The Future of International Trade and the Auto Industry

The auto parts market is one of today’s fastest growing and most developed sectors of our U.S. economy. By any estimate, it contributes about 5 percent of U.S. employment during the hours of work performed in retail, transportation, and related support positions. Because so many parts are interchangeably used in a variety of makes and models of automobiles, the need for reliable and durable replacement parts has become essential. The quality of automobile parts that consumers receive has become more important than ever, making the auto parts market among the largest and most lucrative in the retail and service industries. However, quality parts are only available if they are purchased from a dependable source.

Automobile manufacturers throughout the United States have long been utilizing foreign-owned automobile parts suppliers to produce and distribute their line of vehicles. While some automobile parts suppliers operate within the confines of an existing domestic automotive company, an increasing number of foreign-owned car parts suppliers have established manufacturing operations outside the United States. In recent years, foreign-owned car parts manufacturers have introduced several new lines to the American automobile market. In addition to introducing new vehicle models, these companies have also expanded into the service, parts, and brake markets.
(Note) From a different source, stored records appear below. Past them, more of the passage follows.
(* Let $\mathcal{K}$ be a 2-category. The assignment sending a monad $(X,S,m,s)$ to the relative monad $(X,1_X,S)$ with unit $s$ and extension $f\mapsto mB\cdot Sf$ (for $f\colon A\Rightarrow SB$), a 1-cell $(F,\phi)$ to $(F,F,\phi)$ and a 2-cell $p$ to $(p,p)$, defines a 2-functor $\mathbf{Mnd}(\mathcal{K}^{op})^{op}\to\mathbf{Rmd}(\mathcal{K})$ which is injective on objects, whose image on objects is exactly the relative monads $(X,I,S)$ with $X_0=X$ and $I=1_X$, and which is an isomorphism on every hom-category. Thus $\mathbf{Mnd}(\mathcal{K}^{op})^{op}$ is a full, locally full sub-2-category of $\mathbf{Rmd}(\mathcal{K})$.
   Context: Conventions: 1-cells compose by juxtaposition; vertical composition of 2-cells is written $\cdot$; whiskering by juxtaposition. $\mathbf{Mnd}(\mathcal{K}^{op})^{op}$: objects are monads $(X,S,m,s)$ in $\mathcal{K}$; a 1-cell $(X,S)\to(Y,T)$ (with $T$ having multiplication $n$ and unit $t$) is a pair $(F,\phi)$ with $F\colon X\to Y$ and $\phi\colon FS\Rightarrow TF$ such that $\phi\cdot Fs=tF$ and $\phi\cdot Fm=nF\cdot T\phi\cdot\phi S$; a 2-cell $(F,\phi)\Rightarrow(F',\phi')$ is $p\colon F\Rightarrow F'$ with $\phi'\cdot pS=Tp\cdot\phi$. Operator: given 1-cells $F\colon X\to Z$, $G\colon Y\to Z$, $F'\colon X\to Z'$, $G'\colon Y\to Z'$, an operator $(-)^\#\colon[F,G]\to[F',G']$ is a family of functions, indexed by spans $A\colon O\to X$, $B\colon O\to Y$, $(-)^\#_{A,B}\colon\mathcal{K}[O,Z](FA,GB)\to\mathcal{K}[O,Z'](F'A,G'B)$, with $(fP)^\#=f^\#P$, $(f\cdot F\alpha)^\#=f^\#\cdot F'\alpha$, $(G\beta\cdot f)^\#=G'\beta\cdot f^\#$ for all 1-cells $P\colon O'\to O$ and 2-cells $\alpha\colon A'\Rightarrow A$, $\beta\colon B\Rightarrow B'$. Relative monad: a relative monad $(X,I,S)$ in $\mathcal{K}$ consists of objects $X_0,X$, 1-cells $I,S\colon X_0\to X$, an operator $(-)^\dagger=(-)^\dagger_S\colon[I,S]\to[S,S]$ (extension) and a 2-cell $s\colon I\Rightarrow S$ (unit) such that for all 1-cells $A,B,C\colon O\to X_0$ and 2-cells $k\colon IA\Rightarrow SB$, $l\colon IB\Rightarrow SC$: $k^\dagger\cdot sA=k$; $(sA)^\dagger=1_{SA}$; $(l^\dagger\cdot k)^\dagger=l^\dagger\cdot k^\dagger$. $\mathbf{Rmd}(\mathcal{K})$: a relative monad morphism $(F,F_0,\phi)\colon(X,I,S)\to(Y,J,T)$ (with $I\colon X_0\to X$, $J\colon Y_0\to Y$, units $s,t$) consists of 1-cells $F\colon X\to Y$, $F_0\colon X_0\to Y_0$ with $FI=JF_0$ and a 2-cell $\phi\colon FS\Rightarrow TF_0$ such that $\phi\cdot Fs=tF_0$ and, for all $A,B\colon O\to X_0$ and $k\colon IA\Rightarrow SB$, $\phi B\cdot F(k^\dagger_S)=(\phi B\cdot Fk)^\dagger_T\cdot\phi A$. A relative monad transformation $(p,p_0)\colon(F,F_0,\phi)\Rightarrow(F',F'_0,\phi')$ consists of 2-cells $p\colon F\Rightarrow F'$, $p_0\colon F_0\Rightarrow F'_0$ with $Jp_0=pI$ and $\phi'\cdot pS=Tp_0\cdot\phi$. These form a 2-category $\mathbf{Rmd}(\mathcal{K})$; the composite of $(F,F_0,\phi)$ followed by $(G,G_0,\gamma)$ is $(GF,G_0F_0,\gamma F_0\cdot G\phi)$, identities are $(1_X,1_{X_0},1_S)$, 2-cells compose componentwise. Full sub-2-category: a 2-functor $J\colon\mathcal{K}\to\mathcal{L}$ exhibits a full sub-2-category if each $J_{x,y}\colon\mathcal{K}(x,y)\to\mathcal{L}(Jx,Jy)$ is an equivalence. *)

theory Defs
  imports Main
begin
(* Let $F$ be a continuous function defined on a rectangle $R=[a,b]\times[c,d]$ ($a<b$, $c<d$) with values in $\mathbb{R}^m$, and let $\mathcal{C}(F_{|\partial R})$ be the Coons patch interpolating $F$ on $\partial R$, namely $$\mathcal{C}(F_{|\partial R})(s,t)=\tfrac{b-s}{b-a}F(a,t)+\tfrac{s-a}{b-a}F(b,t)+\tfrac{d-t}{d-c}F(s,c)+\tfrac{t-c}{d-c}F(s,d)-B(s,t),$$ where $B(s,t)=\tfrac{b-s}{b-a}\big(\tfrac{d-t}{d-c}F(a,c)+\tfrac{t-c}{d-c}F(a,d)\big)+\tfrac{s-a}{b-a}\big(\tfrac{d-t}{d-c}F(b,c)+\tfrac{t-c}{d-c}F(b,d)\big)$. Then for all $(s,t)\in(a,b)\times(c,d)$, $$F(s,t)-\mathcal{C}(F_{|\partial R})(s,t)=\frac{(s-a)(s-b)(t-c)(t-d)}{(b-a)(d-c)}\Big([b,s;d,t]F-[s,a;d,t]F+[s,a;t,c]F-[b,s;t,c]F\Big).$$
   Context: For a bivariate function $F$ and reals $\sigma_1\ne\sigma_2$, $\tau_1\ne\tau_2$, the mixed second divided difference is $[\sigma_1,\sigma_2;\tau_1,\tau_2]F=\frac{F(\sigma_1,\tau_1)+F(\sigma_2,\tau_2)-F(\sigma_2,\tau_1)-F(\sigma_1,\tau_2)}{(\sigma_1-\sigma_2)(\tau_1-\tau_2)}$. *)

theory Defs
  imports "HOL-Analysis.Analysis"
begin

definition mixed_dd :: "(real \<times> real \<Rightarrow> 'v::real_vector) \<Rightarrow> real \<Rightarrow> real \<Rightarrow> real \<Rightarrow> real \<Rightarrow> 'v" where
  "mixed_dd F s1 s2 t1 t2 =
     (F (s1, t1) + F (s2, t2) - F (s2, t1) - F (s1, t2)) /\<^sub>R ((s1 - s2) * (t1 - t2))"

definition coons_bilinear :: "real \<Rightarrow> real \<Rightarrow> real \<Rightarrow> real \<Rightarrow> (real \<times> real \<Rightarrow> 'v::real_vector) \<Rightarrow> real \<times> real \<Rightarrow> 'v" where
  "coons_bilinear a b c d F = (\<lambda>(s, t).
     ((b - s) / (b - a)) *\<^sub>R (((d - t) / (d - c)) *\<^sub>R F (a, c) + ((t - c) / (d - c)) *\<^sub>R F (a, d))
   + ((s - a) / (b - a)) *\<^sub>R (((d - t) / (d - c)) *\<^sub>R F (b, c) + ((t - c) / (d - c)) *\<^sub>R F (b, d)))"

definition coons_patch :: "real \<Rightarrow> real \<Rightarrow> real \<Rightarrow> real \<Rightarrow> (real \<times> real \<Rightarrow> 'v::real_vector) \<Rightarrow> real \<times> real \<Rightarrow> 'v" where
  "coons_patch a b c d F = (\<lambda>(s, t).
     ((b - s) / (b - a)) *\<^sub>R F (a, t) + ((s - a) / (b - a)) *\<^sub>R F (b, t)
   + ((d - t) / (d - c)) *\<^sub>R F (s, c) + ((t - c) / (d - c)) *\<^sub>R F (s, d)
   - coons_bilinear a b c d F (s, t))"

end

theory Submission
  imports Defs
begin

text \<open>With the barycentric weights \<open>\<alpha> = (b-s)/(b-a)\<close>, \<open>\<beta> = (s-a)/(b-a)\<close>, \<open>\<gamma> = (d-t)/(d-c)\<close>,
  \<open>\<delta> = (t-c)/(d-c)\<close>, the factor in front of each divided difference cancels its denominator
  and leaves the product of the two weights belonging to the opposite sub-rectangle. The
  remainder is therefore a weighted sum of the four twists \<open>F(s\<^sub>1,t\<^sub>1) + F(s\<^sub>2,t\<^sub>2) - F(s\<^sub>2,t\<^sub>1) - F(s\<^sub>1,t\<^sub>2)\<close>
  of the sub-rectangles cut out by \<open>(s,t)\<close>, and expanding these against \<open>\<alpha> + \<beta> = 1 = \<gamma> + \<delta>\<close>
  gives exactly \<open>F(s,t)\<close> minus the Coons patch.\<close>

lemma scaleR_mixed_dd:
  assumes "s1 \<noteq> s2" "t1 \<noteq> t2"
  shows "r *\<^sub>R mixed_dd F s1 s2 t1 t2
    = (r / ((s1 - s2) * (t1 - t2))) *\<^sub>R (F (s1, t1) + F (s2, t2) - F (s2, t1) - F (s1, t2))"
  by (simp add: mixed_dd_def divide_inverse)

lemma bilinear_remainder_eq_weighted_twists:
  fixes x xat xbt xsc xsd xac xad xbc xbd :: "'v::real_vector"
  assumes "\<alpha> + \<beta> = 1" "\<gamma> + \<delta> = 1"
  shows "x - (\<alpha> *\<^sub>R xat + \<beta> *\<^sub>R xbt + \<gamma> *\<^sub>R xsc + \<delta> *\<^sub>R xsd
           - (\<alpha> *\<^sub>R (\<gamma> *\<^sub>R xac + \<delta> *\<^sub>R xad) + \<beta> *\<^sub>R (\<gamma> *\<^sub>R xbc + \<delta> *\<^sub>R xbd)))
    = (\<beta> * \<delta>) *\<^sub>R (xbd + x - xsd - xbt) - (\<alpha> * \<delta>) *\<^sub>R (xsd + xat - xad - x)
      + (\<alpha> * \<gamma>) *\<^sub>R (x + xac - xat - xsc) - (\<beta> * \<gamma>) *\<^sub>R (xbt + xsc - x - xbc)"
proof -
  have \<beta>: "\<beta> = 1 - \<alpha>" and \<delta>: "\<delta> = 1 - \<gamma>"
    using assms by simp_all
  show ?thesis
    by (simp add: \<beta> \<delta> algebra_simps scaleR_diff_left)
qed

lemma coons_patch_remainder:
  fixes F :: "real \<times> real \<Rightarrow> 'v::real_vector"
  assumes "a \<noteq> b" "c \<noteq> d" "s \<noteq> a" "s \<noteq> b" "t \<noteq> c" "t \<noteq> d"
  shows "F (s, t) - coons_patch a b c d F (s, t) =
    ((s - a) * (s - b) * (t - c) * (t - d) / ((b - a) * (d - c))) *\<^sub>R
      (mixed_dd F b s d t - mixed_dd F s a d t + mixed_dd F s a t c - mixed_dd F b s t c)"
proof -
  define M where "M = (s - a) * (b - s) * (t - c) * (d - t) / ((b - a) * (d - c))"
  have M_eq: "(s - a) * (s - b) * (t - c) * (t - d) / ((b - a) * (d - c)) = M"
    unfolding M_def by algebra
  define \<alpha> \<beta> \<gamma> \<delta> where "\<alpha> = (b - s) / (b - a)" and "\<beta> = (s - a) / (b - a)"
    and "\<gamma> = (d - t) / (d - c)" and "\<delta> = (t - c) / (d - c)"
  have weights: "\<alpha> + \<beta> = 1" "\<gamma> + \<delta> = 1"
    using assms by (simp_all add: \<alpha>_def \<beta>_def \<gamma>_def \<delta>_def divide_simps)
  have "M / ((b - s) * (d - t)) = \<beta> * \<delta>" "M / ((s - a) * (d - t)) = \<alpha> * \<delta>"
    "M / ((s - a) * (t - c)) = \<alpha> * \<gamma>" "M / ((b - s) * (t - c)) = \<beta> * \<gamma>"
    using assms by (simp_all add: M_def \<alpha>_def \<beta>_def \<gamma>_def \<delta>_def divide_simps ac_simps)
  then have "M *\<^sub>R (mixed_dd F b s d t - mixed_dd F s a d t + mixed_dd F s a t c - mixed_dd F b s t c)
    = (\<beta> * \<delta>) *\<^sub>R (F (b, d) + F (s, t) - F (s, d) - F (b, t))
      - (\<alpha> * \<delta>) *\<^sub>R (F (s, d) + F (a, t) - F (a, d) - F (s, t))
      + (\<alpha> * \<gamma>) *\<^sub>R (F (s, t) + F (a, c) - F (a, t) - F (s, c))
      - (\<beta> * \<gamma>) *\<^sub>R (F (b, t) + F (s, c) - F (s, t) - F (b, c))"
    using assms by (simp add: scaleR_diff_right scaleR_add_right scaleR_mixed_dd)
  also have "\<dots> = F (s, t) - coons_patch a b c d F (s, t)"
    using bilinear_remainder_eq_weighted_twists[OF weights, of "F (s, t)"]
    by (simp add: coons_patch_def coons_bilinear_def \<alpha>_def \<beta>_def \<gamma>_def \<delta>_def)
  finally show ?thesis
    by (simp only: M_eq)
qed

theorem proposition1:
  fixes F :: "real \<times> real \<Rightarrow> real ^ 'm" and a b c d s t :: real
  assumes "a < b" and "c < d"
    and "continuous_on ({a..b} \<times> {c..d}) F"
    and "s \<in> {a<..<b}" and "t \<in> {c<..<d}"
  shows "F (s, t) - coons_patch a b c d F (s, t) =
    ((s - a) * (s - b) * (t - c) * (t - d) / ((b - a) * (d - c))) *\<^sub>R
      (mixed_dd F b s d t - mixed_dd F s a d t + mixed_dd F s a t c - mixed_dd F b s t c)"
  using assms by (intro coons_patch_remainder) auto

end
A growing number of auto parts providers have made online shopping convenient and accessible. Consumers can now locate and purchase car parts and other auto equipment from the comfort of their own home. There are also online shopping stores that specialize in the sale of OEM and aftermarket auto parts, as well as motorcycle and scooter parts. With an expansive inventory and millions of product options, online shopping for auto parts has never been easier.

Robert Bosch was born in Vienna, Austria in 1923. After graduating from college in mechanical engineering, he became a principal engineer for the Benzler Corporation in Northridge, California. In this position he began developing air bags for cars and later went on to become the automotive industry’s first director of product development for the brand. He held many important positions at both Bosch and Benzler, including president of their joint company, American International Corporation.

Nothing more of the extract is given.